### Task
Every single line below has to be printed once more, exactly.

### Saved data entries
=== Section Start ===

(* For any skew-symmetric matrix $M$ with label set $\mathsf{N}$, the tensors $\sum_{I\subseteq\mathsf{N}}\operatorname{Pf}(M_I)\langle I|$ and $\sum_{I\subseteq\mathsf{N}}\operatorname{Pf}(M_{\bar I})|I\rangle$ are morphisms of $\mathscr{P}$. Consequently $\mathscr{P}$ is a dagger monoidal category (with the usual dagger of linear maps).
   Context: For $i\in\mathbb{N}$ let $V_i\cong\mathbb{C}^2$ with orthonormal basis $v_{i,0},v_{i,1}$, and for a finite ordered $\mathsf{N}\subset\mathbb{N}$ let $V_\mathsf{N}=\bigotimes_{i\in\mathsf{N}}V_i$. For $I\subseteq\mathsf{N}$, $|I\rangle=\bigotimes_{i\in\mathsf{N}}v_{i,\chi(i,I)}$ and $\langle I|=\bigotimes_{i\in\mathsf{N}}v^*_{i,\chi(i,I)}$, $\chi$ the indicator of $I$. For a skew-symmetric matrix $M$ with rows and columns labeled by $\mathsf{N}$ (same order), $M_I$ is the principal submatrix on labels $I$ and $M_{\bar I}$ the principal submatrix with labels $I$ deleted; $\operatorname{sPf}(M)=\sum_{I\subseteq\mathsf{N}}\operatorname{Pf}(M_I)|I\rangle$ and $\operatorname{sPf}^\vee(M)=\sum_{I\subseteq\mathsf{N}}\operatorname{Pf}(M_{\bar I})\langle I|$ (Pfaffian of the empty matrix $1$, of odd-size matrices $0$). $\mathscr{P}$ is the monoidal subcategory of $\mathrm{Vect}_\mathbb{C}$ with objects the $V_\mathsf{N}$ and morphisms generated under composition (tensor contraction) and tensor product by all $\operatorname{sPf}(M)$ and $\operatorname{sPf}^\vee(M)$. *)

theory Defs
  imports Complex_Main
begin

text \<open>Tensors between tensor powers of C^2. The object V_N (N a finite ordered label set
  with |N| = n) is represented positionally by n; the basis vector |I> of V_N, I a subset of N,
  is represented by the set of positions of I, a subset of {..<n}. A morphism V_n -> V_m is
  a record with domain n, codomain m and coefficients coef J I = <J| f |I>
  (J subset of {..<m}, I subset of {..<n}; coefficients vanish outside these).\<close>

record mor =
  dom :: nat
  cod :: nat
  coef :: "nat set \<Rightarrow> nat set \<Rightarrow> complex"

function pf :: "(nat \<Rightarrow> nat \<Rightarrow> 'a::comm_ring_1) \<Rightarrow> nat list \<Rightarrow> 'a" where
  "pf A [] = 1"
| "pf A (x # xs) =
     (\<Sum>j<length xs. (-1) ^ j * A x (xs ! j) * pf A (take j xs @ drop (Suc j) xs))"
  by pat_completeness auto
termination
  by (relation "measure (\<lambda>(A, xs). length xs)") auto

definition Pf_sub :: "(nat \<Rightarrow> nat \<Rightarrow> complex) \<Rightarrow> nat set \<Rightarrow> complex" where
  "Pf_sub M I = pf M (sorted_list_of_set I)"

definition skew :: "nat \<Rightarrow> (nat \<Rightarrow> nat \<Rightarrow> complex) \<Rightarrow> bool" where
  "skew n M \<longleftrightarrow> (\<forall>i<n. \<forall>j<n. M i j = - M j i)"

definition sPf :: "nat \<Rightarrow> (nat \<Rightarrow> nat \<Rightarrow> complex) \<Rightarrow> mor" where
  "sPf n M = \<lparr>dom = 0, cod = n,
     coef = (\<lambda>J I. if I = {} \<and> J \<subseteq> {..<n} then Pf_sub M J else 0)\<rparr>"

definition sPfv :: "nat \<Rightarrow> (nat \<Rightarrow> nat \<Rightarrow> complex) \<Rightarrow> mor" where
  "sPfv n M = \<lparr>dom = n, cod = 0,
     coef = (\<lambda>J I. if J = {} \<and> I \<subseteq> {..<n} then Pf_sub M ({..<n} - I) else 0)\<rparr>"

definition sPf_bra :: "nat \<Rightarrow> (nat \<Rightarrow> nat \<Rightarrow> complex) \<Rightarrow> mor" where
  "sPf_bra n M = \<lparr>dom = n, cod = 0,
     coef = (\<lambda>J I. if J = {} \<and> I \<subseteq> {..<n} then Pf_sub M I else 0)\<rparr>"

definition sPfv_ket :: "nat \<Rightarrow> (nat \<Rightarrow> nat \<Rightarrow> complex) \<Rightarrow> mor" where
  "sPfv_ket n M = \<lparr>dom = 0, cod = n,
     coef = (\<lambda>J I. if I = {} \<and> J \<subseteq> {..<n} then Pf_sub M ({..<n} - J) else 0)\<rparr>"

definition idm :: "nat \<Rightarrow> mor" where
  "idm n = \<lparr>dom = n, cod = n, coef = (\<lambda>J I. if I = J \<and> J \<subseteq> {..<n} then 1 else 0)\<rparr>"

definition comp :: "mor \<Rightarrow> mor \<Rightarrow> mor" where
  "comp g f = \<lparr>dom = dom f, cod = cod g,
     coef = (\<lambda>K I. if K \<subseteq> {..<cod g} \<and> I \<subseteq> {..<dom f}
                    then (\<Sum>J\<in>Pow {..<cod f}. coef g K J * coef f J I) else 0)\<rparr>"

text \<open>Tensor product f (x) g : V_(n+n') -> V_(m+m'); the factors of f come first.\<close>
definition tens :: "mor \<Rightarrow> mor \<Rightarrow> mor" where
  "tens f g = \<lparr>dom = dom f + dom g, cod = cod f + cod g,
     coef = (\<lambda>J I. coef f (J \<inter> {..<cod f}) (I \<inter> {..<dom f}) *
                   coef g ((\<lambda>x. x - cod f) ` (J - {..<cod f})) ((\<lambda>x. x - dom f) ` (I - {..<dom f})))\<rparr>"

definition dagger :: "mor \<Rightarrow> mor" where
  "dagger f = \<lparr>dom = cod f, cod = dom f, coef = (\<lambda>I J. cnj (coef f J I))\<rparr>"

inductive_set Pmor :: "mor set" where
  gen_sPf: "skew n M \<Longrightarrow> sPf n M \<in> Pmor"
| gen_sPfv: "skew n M \<Longrightarrow> sPfv n M \<in> Pmor"
| gen_id: "idm n \<in> Pmor"
| gen_comp: "f \<in> Pmor \<Longrightarrow> g \<in> Pmor \<Longrightarrow> cod f = dom g \<Longrightarrow> comp g f \<in> Pmor"
| gen_tens: "f \<in> Pmor \<Longrightarrow> g \<in> Pmor \<Longrightarrow> tens f g \<in> Pmor"

end

theory Submission
  imports Defs
begin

=== Section End ===

### Exercise result
(* For any skew-symmetric matrix $M$ with label set $\mathsf{N}$, the tensors $\sum_{I\subseteq\mathsf{N}}\operatorname{Pf}(M_I)\langle I|$ and $\sum_{I\subseteq\mathsf{N}}\operatorname{Pf}(M_{\bar I})|I\rangle$ are morphisms of $\mathscr{P}$. Consequently $\mathscr{P}$ is a dagger monoidal category (with the usual dagger of linear maps).
   Context: For $i\in\mathbb{N}$ let $V_i\cong\mathbb{C}^2$ with orthonormal basis $v_{i,0},v_{i,1}$, and for a finite ordered $\mathsf{N}\subset\mathbb{N}$ let $V_\mathsf{N}=\bigotimes_{i\in\mathsf{N}}V_i$. For $I\subseteq\mathsf{N}$, $|I\rangle=\bigotimes_{i\in\mathsf{N}}v_{i,\chi(i,I)}$ and $\langle I|=\bigotimes_{i\in\mathsf{N}}v^*_{i,\chi(i,I)}$, $\chi$ the indicator of $I$. For a skew-symmetric matrix $M$ with rows and columns labeled by $\mathsf{N}$ (same order), $M_I$ is the principal submatrix on labels $I$ and $M_{\bar I}$ the principal submatrix with labels $I$ deleted; $\operatorname{sPf}(M)=\sum_{I\subseteq\mathsf{N}}\operatorname{Pf}(M_I)|I\rangle$ and $\operatorname{sPf}^\vee(M)=\sum_{I\subseteq\mathsf{N}}\operatorname{Pf}(M_{\bar I})\langle I|$ (Pfaffian of the empty matrix $1$, of odd-size matrices $0$). $\mathscr{P}$ is the monoidal subcategory of $\mathrm{Vect}_\mathbb{C}$ with objects the $V_\mathsf{N}$ and morphisms generated under composition (tensor contraction) and tensor product by all $\operatorname{sPf}(M)$ and $\operatorname{sPf}^\vee(M)$. *)

theory Defs
  imports Complex_Main
begin

text \<open>Tensors between tensor powers of C^2. The object V_N (N a finite ordered label set
  with |N| = n) is represented positionally by n; the basis vector |I> of V_N, I a subset of N,
  is represented by the set of positions of I, a subset of {..<n}. A morphism V_n -> V_m is
  a record with domain n, codomain m and coefficients coef J I = <J| f |I>
  (J subset of {..<m}, I subset of {..<n}; coefficients vanish outside these).\<close>

record mor =
  dom :: nat
  cod :: nat
  coef :: "nat set \<Rightarrow> nat set \<Rightarrow> complex"

function pf :: "(nat \<Rightarrow> nat \<Rightarrow> 'a::comm_ring_1) \<Rightarrow> nat list \<Rightarrow> 'a" where
  "pf A [] = 1"
| "pf A (x # xs) =
     (\<Sum>j<length xs. (-1) ^ j * A x (xs ! j) * pf A (take j xs @ drop (Suc j) xs))"
  by pat_completeness auto
termination
  by (relation "measure (\<lambda>(A, xs). length xs)") auto

definition Pf_sub :: "(nat \<Rightarrow> nat \<Rightarrow> complex) \<Rightarrow> nat set \<Rightarrow> complex" where
  "Pf_sub M I = pf M (sorted_list_of_set I)"

definition skew :: "nat \<Rightarrow> (nat \<Rightarrow> nat \<Rightarrow> complex) \<Rightarrow> bool" where
  "skew n M \<longleftrightarrow> (\<forall>i<n. \<forall>j<n. M i j = - M j i)"

definition sPf :: "nat \<Rightarrow> (nat \<Rightarrow> nat \<Rightarrow> complex) \<Rightarrow> mor" where
  "sPf n M = \<lparr>dom = 0, cod = n,
     coef = (\<lambda>J I. if I = {} \<and> J \<subseteq> {..<n} then Pf_sub M J else 0)\<rparr>"

definition sPfv :: "nat \<Rightarrow> (nat \<Rightarrow> nat \<Rightarrow> complex) \<Rightarrow> mor" where
  "sPfv n M = \<lparr>dom = n, cod = 0,
     coef = (\<lambda>J I. if J = {} \<and> I \<subseteq> {..<n} then Pf_sub M ({..<n} - I) else 0)\<rparr>"

definition sPf_bra :: "nat \<Rightarrow> (nat \<Rightarrow> nat \<Rightarrow> complex) \<Rightarrow> mor" where
  "sPf_bra n M = \<lparr>dom = n, cod = 0,
     coef = (\<lambda>J I. if J = {} \<and> I \<subseteq> {..<n} then Pf_sub M I else 0)\<rparr>"

definition sPfv_ket :: "nat \<Rightarrow> (nat \<Rightarrow> nat \<Rightarrow> complex) \<Rightarrow> mor" where
  "sPfv_ket n M = \<lparr>dom = 0, cod = n,
     coef = (\<lambda>J I. if I = {} \<and> J \<subseteq> {..<n} then Pf_sub M ({..<n} - J) else 0)\<rparr>"

definition idm :: "nat \<Rightarrow> mor" where
  "idm n = \<lparr>dom = n, cod = n, coef = (\<lambda>J I. if I = J \<and> J \<subseteq> {..<n} then 1 else 0)\<rparr>"

definition comp :: "mor \<Rightarrow> mor \<Rightarrow> mor" where
  "comp g f = \<lparr>dom = dom f, cod = cod g,
     coef = (\<lambda>K I. if K \<subseteq> {..<cod g} \<and> I \<subseteq> {..<dom f}
                    then (\<Sum>J\<in>Pow {..<cod f}. coef g K J * coef f J I) else 0)\<rparr>"

text \<open>Tensor product f (x) g : V_(n+n') -> V_(m+m'); the factors of f come first.\<close>
definition tens :: "mor \<Rightarrow> mor \<Rightarrow> mor" where
  "tens f g = \<lparr>dom = dom f + dom g, cod = cod f + cod g,
     coef = (\<lambda>J I. coef f (J \<inter> {..<cod f}) (I \<inter> {..<dom f}) *
                   coef g ((\<lambda>x. x - cod f) ` (J - {..<cod f})) ((\<lambda>x. x - dom f) ` (I - {..<dom f})))\<rparr>"

definition dagger :: "mor \<Rightarrow> mor" where
  "dagger f = \<lparr>dom = cod f, cod = dom f, coef = (\<lambda>I J. cnj (coef f J I))\<rparr>"

inductive_set Pmor :: "mor set" where
  gen_sPf: "skew n M \<Longrightarrow> sPf n M \<in> Pmor"
| gen_sPfv: "skew n M \<Longrightarrow> sPfv n M \<in> Pmor"
| gen_id: "idm n \<in> Pmor"
| gen_comp: "f \<in> Pmor \<Longrightarrow> g \<in> Pmor \<Longrightarrow> cod f = dom g \<Longrightarrow> comp g f \<in> Pmor"
| gen_tens: "f \<in> Pmor \<Longrightarrow> g \<in> Pmor \<Longrightarrow> tens f g \<in> Pmor"

end

theory Submission
  imports Defs
begin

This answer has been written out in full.